CLAYTON TUNNEL.

But the shepherds have ceased to be vocal with the sheep-shearing songs of yore; it seems that their modern accomplishment of being able to read has stricken them dumb. Neither the words nor the airs of the old shearing-songs will ever again awaken the echoes in the daytime, nor make the roomy interiors of barns ring o’ nights, as they were wont to do lang-syne, when the convivial shearing supper was held, and the ale hummed in the cup, and, later in the evening, in the head also.

But the Sussex peasant is by no means altogether bereft of his ancient ways. He is, in the more secluded districts, still a South Saxon; for the county, until comparatively recent times remote and difficult, plunged in its sloughs and isolated by reason of its forests, has no manufactures, and the rural parts do not attract immigrants from the shires, to leaven his peculiarities. The Sussex folk are still rooted firmly in what Drayton calls their “queachy ground.” Words of Saxon origin are still the staple of the country talk; folk-tales, told in times when the South Saxon kingdom was yet a power of the Heptarchy, exist in remote corners, currently with the latest ribald song from the London halls; superstitions linger, as may be proved by he who pursues his inquiries judiciously, and thought moves slowly still in the bucolic mind.

The Norman Conquest left few traces upon the population, and the peasant is still the Saxon he ever has been; his occupations, too, tend to slowness of speech and mind. The Sussex man is by the very rarest chance engaged in any manufacturing industries. He is by choice and by force of circumstances ploughman, woodman, shepherd, market-gardener, or carter, and is become heavy as his soil, and curiously old-world in habit. All which traits are delightful to the preternaturally sharp Londoner, whose nerves occupy the most important place in his being. These country folk are new and interesting creatures for study to him who is weary of that acute product of civilisation—the London arab.

OLD SUSSEX WAYS

Sussex ways are, many of them, still curiously patriarchal. But a few years ago, and ploughing was commonly performed in these fields by oxen.

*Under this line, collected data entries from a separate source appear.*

(* Let $H$ be a separable infinite-dimensional complex Hilbert space, $T\in\mathcal{L}(H)$ and $\lambda\in\partial\sigma(T;H)$ (the boundary of the spectrum). Then $T-\lambda I$ is not universal. In particular, if $\sigma(T;H)=\partial\sigma(T;H)$, then $T-\lambda I$ is not universal for any $\lambda\in\mathbb{C}$.
   Context: $\mathcal{L}(H)$ denotes the bounded linear operators on $H$. Operators $T_1\in\mathcal{L}(H_1)$, $T_2\in\mathcal{L}(H_2)$ are similar if there is a linear isomorphism $J:H_1\to H_2$ with $T_1=J^{-1}T_2J$. An operator $U\in\mathcal{L}(H)$ is universal if for every $T\in\mathcal{L}(H)$ there exist a closed subspace $M\subset H$ with $U(M)\subset M$ and a constant $c\neq0$ such that $U|_M:M\to M$ and $cT:H\to H$ are similar. *)

theory Defs
  imports "HOL-Analysis.Analysis"
begin

text \<open>Complex Hilbert spaces, encoded via their realification: a real Hilbert space
(class real_inner + complete_space) carrying a complex scalar multiplication extending
the real one, for which multiplication by i is an isometry of the real inner product.
The real inner product is the real part of the complex inner product, which is then
recovered as inner x y + i * inner x (i y) (up to convention); norm and topology agree.\<close>

class complex_vector = real_vector +
  fixes scaleC :: "complex \<Rightarrow> 'a \<Rightarrow> 'a"
  assumes scaleC_add_right: "scaleC a (x + y) = scaleC a x + scaleC a y"
    and scaleC_add_left: "scaleC (a + b) x = scaleC a x + scaleC b x"
    and scaleC_scaleC: "scaleC a (scaleC b x) = scaleC (a * b) x"
    and scaleC_one: "scaleC 1 x = x"
    and scaleR_scaleC: "scaleR r x = scaleC (complex_of_real r) x"

class complex_inner = complex_vector + real_inner +
  assumes inner_scaleC_i: "inner (scaleC \<i> x) (scaleC \<i> y) = inner x y"

class chilbert_space = complex_inner + complete_space

definition cspan :: "'a::complex_vector set \<Rightarrow> 'a set" where
  "cspan S = {\<Sum>x\<in>F. scaleC (c x) x | F c. finite F \<and> F \<subseteq> S}"

definition csubspace :: "'a::complex_vector set \<Rightarrow> bool" where
  "csubspace M \<longleftrightarrow> 0 \<in> M \<and> (\<forall>x\<in>M. \<forall>y\<in>M. x + y \<in> M) \<and> (\<forall>c. \<forall>x\<in>M. scaleC c x \<in> M)"

definition infinite_dimensional :: "'a::complex_vector itself \<Rightarrow> bool" where
  "infinite_dimensional _ \<longleftrightarrow> \<not> (\<exists>S::'a set. finite S \<and> cspan S = UNIV)"

definition separable :: "'a::metric_space itself \<Rightarrow> bool" where
  "separable _ \<longleftrightarrow> (\<exists>D::'a set. countable D \<and> closure D = UNIV)"

definition cblinear :: "('a::complex_inner \<Rightarrow> 'b::complex_inner) \<Rightarrow> bool" where
  "cblinear T \<longleftrightarrow> bounded_linear T \<and> (\<forall>c x. T (scaleC c x) = scaleC c (T x))"

definition invertible_op :: "('a::complex_inner \<Rightarrow> 'a) \<Rightarrow> bool" where
  "invertible_op T \<longleftrightarrow> (\<exists>S. cblinear S \<and> S \<circ> T = id \<and> T \<circ> S = id)"

definition op_spectrum :: "('a::complex_inner \<Rightarrow> 'a) \<Rightarrow> complex set" where
  "op_spectrum T = {z. \<not> invertible_op (\<lambda>x. T x - scaleC z x)}"

text \<open>U restricted to the (closed, invariant) subspace M is similar to S : H \<rightarrow> H:
there is a linear isomorphism (bounded, bijective onto M, bounded inverse) J : H \<rightarrow> M
with U|M = J \<circ> S \<circ> J^-1, i.e. S = J^-1 \<circ> U|M \<circ> J.\<close>

definition restr_similar :: "('a::complex_inner \<Rightarrow> 'a) \<Rightarrow> 'a set \<Rightarrow> ('a \<Rightarrow> 'a) \<Rightarrow> bool" where
  "restr_similar U M S \<longleftrightarrow>
     (\<exists>J. cblinear J \<and> inj J \<and> range J = M \<and> (\<exists>C. \<forall>x. norm x \<le> C * norm (J x)) \<and>
          (\<forall>x. U (J x) = J (S x)))"

definition universal :: "('a::complex_inner \<Rightarrow> 'a) \<Rightarrow> bool" where
  "universal U \<longleftrightarrow> cblinear U \<and>
     (\<forall>T. cblinear T \<longrightarrow>
        (\<exists>M c. closed M \<and> csubspace M \<and> U ` M \<subseteq> M \<and> c \<noteq> 0 \<and>
               restr_similar U M (\<lambda>x. scaleC c (T x))))"

end

theory Submission
  imports Defs
begin

text \<open>If \<open>U = T - \<lambda>I\<close> were universal, it would contain a restriction similar to \<open>cB\<close>, where \<open>B\<close> is
the backward shift along an orthonormal sequence. Every \<open>z\<close> with \<open>|z| < 1\<close> is an eigenvalue of
\<open>B\<close>, with eigenvector \<open>\<Sum> z\<^sup>n e\<^sub>n\<close>; the similarity carries these eigenvectors into \<open>M\<close>, so every
\<open>w\<close> with \<open>|w| < |c|\<close> is an eigenvalue of \<open>U\<close>. Hence the disc of radius \<open>|c|\<close> around \<open>\<lambda>\<close> lies
in \<open>\<sigma>(T)\<close>, and \<open>\<lambda>\<close> is an interior point of the spectrum, not a boundary point.\<close>

subclass (in chilbert_space) banach ..

lemma scaleC_Re_Im: "scaleC c (x::'a::complex_vector) = scaleR (Re c) x + scaleR (Im c) (scaleC \<i> x)"
proof -
  have "c = complex_of_real (Re c) + complex_of_real (Im c) * \<i>" by (simp add: complex_eq_iff)
  then have "scaleC c x = scaleC (complex_of_real (Re c)) x + scaleC (complex_of_real (Im c)) (scaleC \<i> x)"
    by (metis scaleC_add_left scaleC_scaleC)
  then show ?thesis by (simp only: scaleR_scaleC)
qed

lemma scaleC_i_i: "scaleC \<i> (scaleC \<i> x) = - (x::'a::complex_vector)"
  using scaleR_scaleC[of "-1" x] by (simp add: scaleC_scaleC)

lemma scaleC_scaleR_commute: "scaleC c (scaleR r x::'a::complex_vector) = scaleR r (scaleC c x)"
  by (simp only: scaleR_scaleC scaleC_scaleC mult.commute)

lemma scaleC_diff_left: "scaleC (a - b) (x::'a::complex_vector) = scaleC a x - scaleC b x"
  using scaleC_add_left[of "a - b" b x] by (simp add: eq_diff_eq)

lemma inner_scaleC_i_right: "inner x (scaleC \<i> y::'a::complex_inner) = - inner (scaleC \<i> x) y"
  using inner_scaleC_i[of x "scaleC \<i> y"] by (simp add: scaleC_i_i)

lemma inner_scaleC_i_self: "inner x (scaleC \<i> x::'a::complex_inner) = 0"
  using inner_scaleC_i_right[of x x] by (simp add: inner_commute)

lemma norm_scaleC: "norm (scaleC c x::'a::complex_inner) = cmod c * norm x"
proof -
  have "(norm (scaleC c x))\<^sup>2 = inner (scaleC c x) (scaleC c x)" by (simp add: power2_norm_eq_inner)
  also have "\<dots> = (Re c)\<^sup>2 * inner x x + (Im c)\<^sup>2 * inner (scaleC \<i> x) (scaleC \<i> x)
       + 2 * Re c * Im c * inner x (scaleC \<i> x)"
    by (simp add: scaleC_Re_Im[of c x] inner_add_left inner_add_right
        inner_commute[of "scaleC \<i> x" x] algebra_simps power2_eq_square)
  also have "\<dots> = ((Re c)\<^sup>2 + (Im c)\<^sup>2) * inner x x"
    by (simp only: inner_scaleC_i inner_scaleC_i_self) (simp add: algebra_simps)
  also have "\<dots> = (cmod c * norm x)\<^sup>2"
    by (simp add: cmod_power2 power_mult_distrib power2_norm_eq_inner)
  finally show ?thesis by (simp add: power2_eq_iff_nonneg)
qed

lemma bounded_linear_scaleC: "bounded_linear (scaleC c :: 'a::complex_inner \<Rightarrow> 'a)"
  by (rule bounded_linear_intro[where K="cmod c"])
     (simp_all add: scaleC_add_right scaleC_scaleR_commute norm_scaleC mult.commute)

lemma cblinear_zero: "cblinear J \<Longrightarrow> J 0 = 0"
  unfolding cblinear_def using bounded_linear.linear linear_0 by blast

lemma eigenvalue_in_op_spectrum:
  assumes "T x = scaleC \<mu> x" and "x \<noteq> 0"
  shows "\<mu> \<in> op_spectrum T"
proof (rule ccontr)
  assume "\<mu> \<notin> op_spectrum T"
  then obtain S where S: "cblinear S" "S \<circ> (\<lambda>x. T x - scaleC \<mu> x) = id"
    unfolding op_spectrum_def invertible_op_def by blast
  have "S (T x - scaleC \<mu> x) = x" using S(2) by (metis comp_apply id_apply)
  then have "S 0 = x" using assms(1) by simp
  then show False using cblinear_zero[OF S(1)] assms(2) by simp
qed

subsection \<open>Orthonormal sequences\<close>

text \<open>Orthonormality for the complex inner product, whose real part is \<open>inner\<close> and whose
imaginary part is \<open>inner x (scaleC \<i> y)\<close>; \<open>ccoeff e k x\<close> is the complex inner product of
\<open>e k\<close> and \<open>x\<close>.\<close>

definition corthonormal :: "nat set \<Rightarrow> (nat \<Rightarrow> 'a::complex_inner) \<Rightarrow> bool" where
  "corthonormal I e \<longleftrightarrow>
     (\<forall>j\<in>I. \<forall>k\<in>I. inner (e j) (e k) = (if j = k then 1 else 0) \<and> inner (e j) (scaleC \<i> (e k)) = 0)"

definition ccoeff :: "(nat \<Rightarrow> 'a::complex_inner) \<Rightarrow> nat \<Rightarrow> 'a \<Rightarrow> complex" where
  "ccoeff e k x = Complex (inner (e k) x) (inner (scaleC \<i> (e k)) x)"

lemma ccoeff_add: "ccoeff e k (x + y) = ccoeff e k x + ccoeff e k y"
  by (simp add: ccoeff_def inner_add_right complex_eq_iff)

lemma ccoeff_diff: "ccoeff e k (x - y) = ccoeff e k x - ccoeff e k y"
  by (simp add: ccoeff_def inner_diff_right complex_eq_iff)

lemma ccoeff_sum: "ccoeff e k (sum f A) = (\<Sum>a\<in>A. ccoeff e k (f a))"
  by (simp add: ccoeff_def inner_sum_right complex_eq_iff)

lemma ccoeff_scaleC: "ccoeff e k (scaleC c x) = c * ccoeff e k x"
proof -
  have "ccoeff e k (scaleC \<i> x) = \<i> * ccoeff e k x"
    by (simp add: ccoeff_def complex_eq_iff inner_scaleC_i_right scaleC_i_i)
  then show ?thesis
    by (simp add: scaleC_Re_Im[of c x] ccoeff_add ccoeff_def complex_eq_iff algebra_simps)
qed

lemma bounded_linear_ccoeff: "bounded_linear (ccoeff e k)"
proof (rule bounded_linear_intro[where K="2 * norm (e k)"])
  fix x
  have "cmod (ccoeff e k x) \<le> \<bar>inner (e k) x\<bar> + \<bar>inner (scaleC \<i> (e k)) x\<bar>"
    using cmod_le[of "ccoeff e k x"] by (simp only: ccoeff_def complex.sel)
  also have "\<dots> \<le> norm (e k) * norm x + norm (scaleC \<i> (e k)) * norm x"
    by (intro add_mono Cauchy_Schwarz_ineq2)
  finally show "norm (ccoeff e k x) \<le> norm x * (2 * norm (e k))" by (simp add: norm_scaleC)
qed (auto simp: ccoeff_def inner_add_right complex_eq_iff)

lemma inner_scaleC_right_ccoeff: "inner y (scaleC a (e k)) = inner a (ccoeff e k y)"
  by (simp add: scaleC_Re_Im[of a "e k"] inner_add_right ccoeff_def inner_complex_def inner_commute)

lemma ccoeff_orthonormal:
  "corthonormal I e \<Longrightarrow> j \<in> I \<Longrightarrow> k \<in> I \<Longrightarrow> ccoeff e k (e j) = (if j = k then 1 else 0)"
  unfolding corthonormal_def ccoeff_def by (auto simp: complex_eq_iff inner_commute)

lemma ccoeff_sum_orthonormal:
  assumes "corthonormal I e" "finite F" "F \<subseteq> I" "k \<in> I"
  shows "ccoeff e k (\<Sum>j\<in>F. scaleC (a j) (e j)) = (if k \<in> F then a k else 0)"
proof -
  have "ccoeff e k (\<Sum>j\<in>F. scaleC (a j) (e j)) = (\<Sum>j\<in>F. a j * (if j = k then 1 else 0))"
    using assms by (auto simp: ccoeff_sum ccoeff_scaleC ccoeff_orthonormal intro!: sum.cong)
  then show ?thesis using assms(2) by (simp add: if_distrib cong: if_cong)
qed

lemma norm_sum_orthonormal:
  assumes "corthonormal I e" "finite F" "F \<subseteq> I"
  shows "(norm (\<Sum>j\<in>F. scaleC (a j) (e j)))\<^sup>2 = (\<Sum>j\<in>F. (cmod (a j))\<^sup>2)"
proof -
  let ?P = "\<Sum>j\<in>F. scaleC (a j) (e j)"
  have "(norm ?P)\<^sup>2 = (\<Sum>j\<in>F. inner (a j) (ccoeff e j ?P))"
    by (simp add: power2_norm_eq_inner inner_sum_right inner_scaleC_right_ccoeff)
  also have "\<dots> = (\<Sum>j\<in>F. (cmod (a j))\<^sup>2)"
    using assms by (intro sum.cong refl) (auto simp: ccoeff_sum_orthonormal power2_norm_eq_inner subset_iff)
  finally show ?thesis .
qed

lemma bessel_inequality:
  assumes "corthonormal I e" "finite F" "F \<subseteq> I"
  shows "(\<Sum>k\<in>F. (cmod (ccoeff e k x))\<^sup>2) \<le> (norm x)\<^sup>2"
proof -
  let ?P = "\<Sum>k\<in>F. scaleC (ccoeff e k x) (e k)"
  have "ccoeff e k (x - ?P) = 0" if "k \<in> F" for k
    using assms that ccoeff_sum_orthonormal[OF assms, of k "\<lambda>k. ccoeff e k x"]
    by (auto simp: ccoeff_diff)
  then have orth: "inner (x - ?P) ?P = 0"
    by (simp add: inner_sum_right inner_scaleC_right_ccoeff)
  have "(norm x)\<^sup>2 = inner (?P + (x - ?P)) (?P + (x - ?P))" by (simp add: power2_norm_eq_inner)
  also have "\<dots> = (norm ?P)\<^sup>2 + (norm (x - ?P))\<^sup>2 + 2 * inner (x - ?P) ?P"
    by (simp only: inner_add_left inner_add_right power2_norm_eq_inner inner_commute[of ?P "x - ?P"])
  finally have "(norm x)\<^sup>2 = (norm ?P)\<^sup>2 + (norm (x - ?P))\<^sup>2" using orth by simp
  then have "(norm ?P)\<^sup>2 \<le> (norm x)\<^sup>2" using orth by simp
  then show ?thesis using norm_sum_orthonormal[OF assms] by simp
qed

CLAYTON CHURCH AND THE SOUTH DOWNS.

Their cottages that, until a few years ago, were the same as ever, have recently been very largely rebuilt, much to the sorrow of those who love the picturesque. They were thatched, for the most part, or tiled, or roofed with stone slabs. A living-room with yawning fireplace and capacious settle was the chief feature of them. The floor was covered with red bricks. When the settle was drawn up to the cheerful blaze the interior was cosy. But many of the most picturesque cottages were damp and insanitary, and although they pleased the artist to look at, it by no means followed that they would have contented him to live in.